The agency’s monitoring work has been largely largely without judicial, legislative or public oversight, the report said. Most congressional leaders were unaware of ICE’s use of DMV’s face recognition scans until media reports in 2019 – more than a decade after the first known agreement in 2008, the report said.

Another major source of information about the agency, described in detail in this investigation, is data and algorithmic tools.

ICE uses databases from private data brokers and state and local governments – often data provided to obtain basic services, the report said, citing records from the Ministry of Motor Vehicles, as well as information on utilities, employment records and housing files.

In 16 states and the District of Columbia, for example, undocumented people can obtain driver’s licenses. In six of these states, ICE uses facial recognition to scan photos of a driver’s license; at five, can look for information on a driver’s license to use to enforce civil immigration without a warrant.

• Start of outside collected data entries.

lemma orbit_in: "x i \<in> X" and orbit_step: "f (x i) = x (i + 1)"
  using orbit by (auto simp: full_orbit_def)

lemma induced_map_residue_closure:
  "induced_map f (residue_closure x k c) = residue_closure x k (c + 1)"
proof -
  have "induced_map f (residue_closure x k c) = closure (f ` range (\<lambda>m. x (m * int k + c)))"
    unfolding induced_map_def residue_closure_def
    by (rule closure_image_eq_compact[OF compact continuous]) (auto simp: orbit_in)
  also have "f ` range (\<lambda>m. x (m * int k + c)) = range (\<lambda>m. x (m * int k + (c + 1)))"
    by (auto simp: orbit_step image_comp add.assoc)
  finally show ?thesis
    by (simp add: residue_closure_def)
qed

lemma funpow_induced_map_residue_closure:
  "(induced_map f ^^ j) (residue_closure x k c) = residue_closure x k (c + int j)"
  by (induction j) (auto simp: induced_map_residue_closure algebra_simps)

lemma mem_residue_closure_forward:
  assumes "x i \<in> residue_closure x k c"
  shows "x (i + int t) \<in> residue_closure x k (c + int t)"
proof (induction t)
  case (Suc t)
  then have "f (x (i + int t)) \<in> induced_map f (residue_closure x k (c + int t))"
    by (simp add: induced_map_def)
  then show ?case
    by (simp add: induced_map_residue_closure orbit_step algebra_simps)
qed (simp add: assms)

lemma Per_iff:
  "k \<in> Per f x \<longleftrightarrow> 0 < k \<and>
     (\<forall>j. (induced_map f ^^ j) (sub_orbit_closure x k) = sub_orbit_closure x k \<longrightarrow> k dvd j)"
proof -
  have "(induced_map f ^^ k) (sub_orbit_closure x k) = sub_orbit_closure x k"
    using residue_closure_add_mult[of x k 0 1]
    by (simp add: sub_orbit_closure_eq_residue_closure funpow_induced_map_residue_closure)
  then show ?thesis
    by (auto simp: Per_def periodic_with_fundamental_period_iff_dvd)
qed

lemma Per_dvd_of_orbit_shift:
  assumes "k \<in> Per f x" and shift: "\<And>i. x i \<in> residue_closure x k (i + r)"
  shows "int k dvd r"
proof -
  define S where "S = sub_orbit_closure x k"
  define r' where "r' = nat (r mod int k)"
  have "0 < k" and dvd: "\<And>j. (induced_map f ^^ j) S = S \<Longrightarrow> k dvd j"
    using assms(1) by (auto simp: Per_iff S_def)
  have r'_orbit: "(induced_map f ^^ r') S = residue_closure x k r"
    using \<open>0 < k\<close> residue_closure_mod[of x k r]
    by (simp add: S_def r'_def sub_orbit_closure_eq_residue_closure funpow_induced_map_residue_closure)
  have "S \<subseteq> residue_closure x k r"
    unfolding S_def by (rule sub_orbit_closure_subset_of_orbit_shift[OF shift])
  then have "S \<subseteq> (induced_map f ^^ r') S"
    by (simp only: r'_orbit)
  moreover have "mono (induced_map f)"
    by (auto simp: mono_def induced_map_def)
  moreover have "(induced_map f ^^ k) S = S"
    using assms(1) by (simp add: S_def Per_def periodic_with_fundamental_period_def)
  ultimately have "(induced_map f ^^ r') S = S"
    using funpow_le_periodic_imp_eq[OF _ \<open>0 < k\<close>] by blast
  then have "k dvd r'"
    by (rule dvd)
  moreover have "r' < k"
    using \<open>0 < k\<close> by (simp add: r'_def nat_less_iff)
  ultimately have "r' = 0"
    by (meson nat_dvd_not_less gr0I)
  moreover have "0 \<le> r mod int k"
    using \<open>0 < k\<close> by simp
  ultimately show ?thesis
    by (simp add: r'_def dvd_eq_mod_eq_0)
qed

lemma orbit_shift_of_funpow_eq:
  assumes "0 < d" and eq: "(induced_map f ^^ j) (sub_orbit_closure x d) = sub_orbit_closure x d"
  shows "x i \<in> residue_closure x d (i + int j)"
proof -
  define g where "g = induced_map f"
  define S where "S = sub_orbit_closure x d"
  define a where "a = nat (i mod int d)"
  have Ri: "residue_closure x d i = (g ^^ a) S"
    using \<open>0 < d\<close> residue_closure_mod[of x d i]
    by (simp add: g_def S_def a_def sub_orbit_closure_eq_residue_closure
        funpow_induced_map_residue_closure)
  have "residue_closure x d (i + int j) = (g ^^ j) (residue_closure x d i)"
    by (simp add: g_def funpow_induced_map_residue_closure)
  also have "\<dots> = (g ^^ j) ((g ^^ a) S)"
    by (simp only: Ri)
  also have "\<dots> = (g ^^ a) ((g ^^ j) S)"
    by (metis add.commute comp_apply funpow_add)
  also have "\<dots> = residue_closure x d i"
    using eq by (simp add: Ri g_def S_def)
  finally show ?thesis
    using mem_residue_closure[of x 0 d i] by simp
qed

The report also estimates that ICE is likely to obtain address information for 74% of adults in the United States using utility records created when using gas, electricity, telephone or the Internet in a new home – information that can help tracking people for deportation, report states.

Sharing data provided for basic services has already provided evidence of a “chilling effect” or deterring immigrants from interacting with government systems and enrolling in critical services, the report said.

The report includes recommendations calling on Congress to reform immigration laws, adopt new data protections, update laws that restrict the disclosure of information provided by Americans to the DMV, and exercise greater oversight over the ICE, including the use of biometric data from the agency.

It also includes recommendations to state legislators on the use of water, gas, electricity, telephone and internet records for immigration enforcement and ICE access to DMV data.